Tim replied, “For you to say that, there must have been a major earthquake.”

“Not quite. But there’s a fairly attractive girl in my class who’s known for sleeping with almost everyone, including the football coach. She caught up with me after school one day last week and invited me to her house.”

“So you knew what was going to happen.”

“Pretty much. It’s because my ratings have gone way up since the dance. Her parents weren’t home, and she had hardly made us coffee when she began to undress. I didn’t have to do much, and everything seemed to happen.”

“Were you protected?”

“She had a big supply of condoms.”

“That’s good.”

“It was all rather casual and matter-of-fact.”

“Pretty much like me with Janet.”

“I liked it. But I’d hardly recovered when she wanted to do it again. And then again.”

“At your age, you can do that.”

“It did seem rather excessive. But she got amazingly excited. It was almost scary.”

“I don’t have a great deal of experience myself, but I’m told that most women don’t have orgasms that easily.”

“I wondered about that.”

“You may never meet with it again.”

“Probably not. She invited me to come by any time, but she’s really not very interesting, and I don’t want to get involved.”

 “Anyhow, the mystery is dispelled.”

“Yeah. The only trouble is that it seems rather sleazy.”

“Sharon thinks that Melissa is sleazy.”

“She isn’t really, is she?”

“No. Other people in her circumstances might have reacted in ways that would strike people as more virtuous, but we can’t be too judgmental.”

“I bet Sharon wouldn’t approve of my little operation. Helen might not either.”

“Well, Chris, there are always going to be some things that are kept secret. This one in particular.”

“Thanks. There may be some sexual activity at the college, but I’m not going to do anything casual.”

“You’ve certainly gotten to know what women are like in our group.”
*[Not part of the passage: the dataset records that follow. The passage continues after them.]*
lemma M_self_adjoint_richardson:
  assumes "Z \<in> carrier_mat n k"
  shows "M_self_adjoint (richardson_mat Z s)"
proof -
  have "transpose_mat (Z * transpose_mat Z) = Z * transpose_mat Z"
    using assms by (simp add: transpose_mult[of _ n k _ n])
  then have "M_self_adjoint (Z * transpose_mat Z * M)"
    using assms by (intro M_self_adjoint_mult_M) simp_all
  then show ?thesis
    unfolding richardson_mat_def by (intro M_self_adjoint_add M_self_adjoint_one M_self_adjoint_smult)
qed

text \<open>The step \<open>1 / cosh c\<close> centres the spectrum \<open>[exp (-c), exp c]\<close> of the preconditioned
  matrix, so that \<open>1 - s \<lambda>\<close> lies in \<open>[-tanh c, tanh c]\<close>.\<close>
lemma M_numerical_radius_richardson:
  assumes "Z \<in> carrier_mat n k"
    and bounds: "\<And>v. v \<in> carrier_vec n \<Longrightarrow>
      exp (- c) * M_inner v v \<le> M_inner v (Z * transpose_mat Z *\<^sub>v (M *\<^sub>v v))
      \<and> M_inner v (Z * transpose_mat Z *\<^sub>v (M *\<^sub>v v)) \<le> exp c * M_inner v v"
  shows "M_numerical_radius_le (richardson_mat Z (1 / cosh c)) (tanh c)"
  unfolding M_numerical_radius_le_def
proof
  fix v :: "real vec" assume v: "v \<in> carrier_vec n"
  define V where "V = M_inner v v"
  define W where "W = M_inner v (Z * transpose_mat Z *\<^sub>v (M *\<^sub>v v))"
  have AMv: "Z * transpose_mat Z *\<^sub>v (M *\<^sub>v v) \<in> carrier_vec n" using assms(1) v by simp
  have "M_inner v (richardson_mat Z (1 / cosh c) *\<^sub>v v) = V - W / cosh c"
    unfolding richardson_mat_mult_vec[OF assms(1) v] V_def W_def
    using v AMv by (simp add: M_inner_add_right M_inner_smult_right)
  also have "\<dots> = (cosh c * V - W) / cosh c" by (simp add: field_simps)
  finally have eq: "M_inner v (richardson_mat Z (1 / cosh c) *\<^sub>v v) = (cosh c * V - W) / cosh c" .
  have "\<bar>cosh c * V - W\<bar> \<le> sinh c * V"
    using bounds[OF v] unfolding V_def[symmetric] W_def[symmetric]
      cosh_minus_sinh[symmetric] cosh_plus_sinh[symmetric]
    by (simp add: abs_le_iff algebra_simps)
  then have "\<bar>cosh c * V - W\<bar> / cosh c \<le> sinh c * V / cosh c"
    by (intro divide_right_mono) auto
  then show "\<bar>M_inner v (richardson_mat Z (1 / cosh c) *\<^sub>v v)\<bar> \<le> tanh c * M_inner v v"
    unfolding eq V_def[symmetric] by (simp add: tanh_def)
qed

lemma spec_approx_M_inner_bounds:
  assumes "Minv \<in> carrier_mat n n" "Minv * M = 1\<^sub>m n" "A \<in> carrier_mat n n"
    and "spec_approx c Minv A" "v \<in> carrier_vec n"
  shows "exp (- c) * M_inner v v \<le> M_inner v (A *\<^sub>v (M *\<^sub>v v))
    \<and> M_inner v (A *\<^sub>v (M *\<^sub>v v)) \<le> exp c * M_inner v v"
proof -
  define x where "x = M *\<^sub>v v"
  have x: "x \<in> carrier_vec n" unfolding x_def using assms(5) by simp
  have "Minv *\<^sub>v x = v"
    unfolding x_def using assms by (simp add: assoc_mult_mat_vec[of _ n n _ n, symmetric])
  then have Minv_form: "x \<bullet> (Minv *\<^sub>v x) = M_inner v v"
    unfolding x_def using assms(5) by (simp add: M_mult_scalar_prod)
  have A_form: "x \<bullet> (A *\<^sub>v x) = M_inner v (A *\<^sub>v (M *\<^sub>v v))"
    unfolding x_def using assms(3,5) by (simp add: M_mult_scalar_prod)
  have smult_form: "x \<bullet> ((a \<cdot>\<^sub>m Minv) *\<^sub>v x) = a * M_inner v v" for a
    using assms(1) x by (simp add: smult_mult_mat_vec[of _ n n] Minv_form[symmetric])
  have "x \<bullet> (A *\<^sub>v x) \<le> x \<bullet> ((exp c \<cdot>\<^sub>m Minv) *\<^sub>v x)"
    "x \<bullet> ((exp (- c) \<cdot>\<^sub>m Minv) *\<^sub>v x) \<le> x \<bullet> (A *\<^sub>v x)"
    using assms(4) x carrier_matD[OF assms(1)] carrier_matD[OF assms(3)]
    unfolding spec_approx_def loewner_ge_def by auto
  then show ?thesis unfolding smult_form A_form by simp
qed

definition inv_sqrt_factor :: "real mat \<Rightarrow> real \<Rightarrow> nat \<Rightarrow> real mat" where
  "inv_sqrt_factor Z c N = sqrt (1 / cosh c) \<cdot>\<^sub>m (inv_sqrt_trunc (richardson_mat Z (1 / cosh c)) N * Z)"

lemma M_self_adjoint_factor_quadratic_form:
  assumes "M_self_adjoint F" "Z \<in> carrier_mat n k" "u \<in> carrier_vec n"
  shows "(M *\<^sub>v u) \<bullet> ((a \<cdot>\<^sub>m (F * Z)) * transpose_mat (a \<cdot>\<^sub>m (F * Z)) *\<^sub>v (M *\<^sub>v u))
    = a\<^sup>2 * M_inner (F *\<^sub>v u) (Z * transpose_mat Z *\<^sub>v (M *\<^sub>v (F *\<^sub>v u)))"
proof -
  have F: "F \<in> carrier_mat n n" using M_self_adjoint_carrier[OF assms(1)] .
  define C where "C = a \<cdot>\<^sub>m (F * Z)"
  have C: "C \<in> carrier_mat n k" unfolding C_def using F assms(2) by simp
  define x where "x = M *\<^sub>v u"
  have x: "x \<in> carrier_vec n" unfolding x_def using assms(3) by simp
  define w where "w = M *\<^sub>v (F *\<^sub>v u)"
  have w: "w \<in> carrier_vec n" unfolding w_def using F assms(3) by simp
  define y where "y = transpose_mat Z *\<^sub>v w"
  have y: "y \<in> carrier_vec k" unfolding y_def using assms(2) w by simp
  have "transpose_mat C *\<^sub>v x = a \<cdot>\<^sub>v (transpose_mat Z *\<^sub>v (transpose_mat F *\<^sub>v x))"
    unfolding C_def using F assms(2) x
    by (simp add: transpose_smult_mat transpose_mult[of _ n n _ k] smult_mult_mat_vec[of _ k n]
        assoc_mult_mat_vec[of _ k n _ n])
  also have "\<dots> = a \<cdot>\<^sub>v y"
    unfolding y_def w_def x_def M_self_adjoint_transpose_apply[OF assms(1,3)] ..
  finally have Cx: "transpose_mat C *\<^sub>v x = a \<cdot>\<^sub>v y" .
  have "x \<bullet> ((C * transpose_mat C) *\<^sub>v x) = x \<bullet> (C *\<^sub>v (transpose_mat C *\<^sub>v x))"
    using C x by (simp add: assoc_mult_mat_vec[of _ n k _ n])
  also have "\<dots> = (transpose_mat C *\<^sub>v x) \<bullet> (transpose_mat C *\<^sub>v x)"
    using C x by (intro transpose_vec_mult_scalar[symmetric, of _ n k]) simp_all
  also have "\<dots> = a\<^sup>2 * (y \<bullet> y)" unfolding Cx using y by (simp add: power2_eq_square)
  also have "y \<bullet> y = w \<bullet> (Z *\<^sub>v y)"
    unfolding y_def using assms(2) w by (intro transpose_vec_mult_scalar[of _ n k]) simp_all
  also have "\<dots> = w \<bullet> (Z * transpose_mat Z *\<^sub>v w)"
    unfolding y_def using assms(2) w by (simp add: assoc_mult_mat_vec[of _ n k _ n])
  also have "\<dots> = M_inner (F *\<^sub>v u) (Z * transpose_mat Z *\<^sub>v (M *\<^sub>v (F *\<^sub>v u)))"
    unfolding w_def using F assms(2,3) by (simp add: M_mult_scalar_prod)
  finally show ?thesis unfolding C_def x_def .
qed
“An impossibly high standard. Probably just as well. I don’t want to go crazy over anyone I might meet in the near future.”

“I haven’t, but Howie and Enoch have.”

“I guess it’s been okay for them.”

 “Anyhow, when are you off?”

“Almost immediately. Dad’s friend has invited us to spend Christmas with his family.”

“In June, you can come back and teach us what you’ve learned.”

“And you can teach me what I haven’t learned. I’ll still be a minor legally, but it’s become pretty obvious that my mother will be pleased to have me stay with Dad.”

“If he’s still living in his office, you can both stay on one of the boats.”

“You’ll still be here, then?”

“There’s probably nowhere that has such good access to the open ocean in our various kinds of boats.”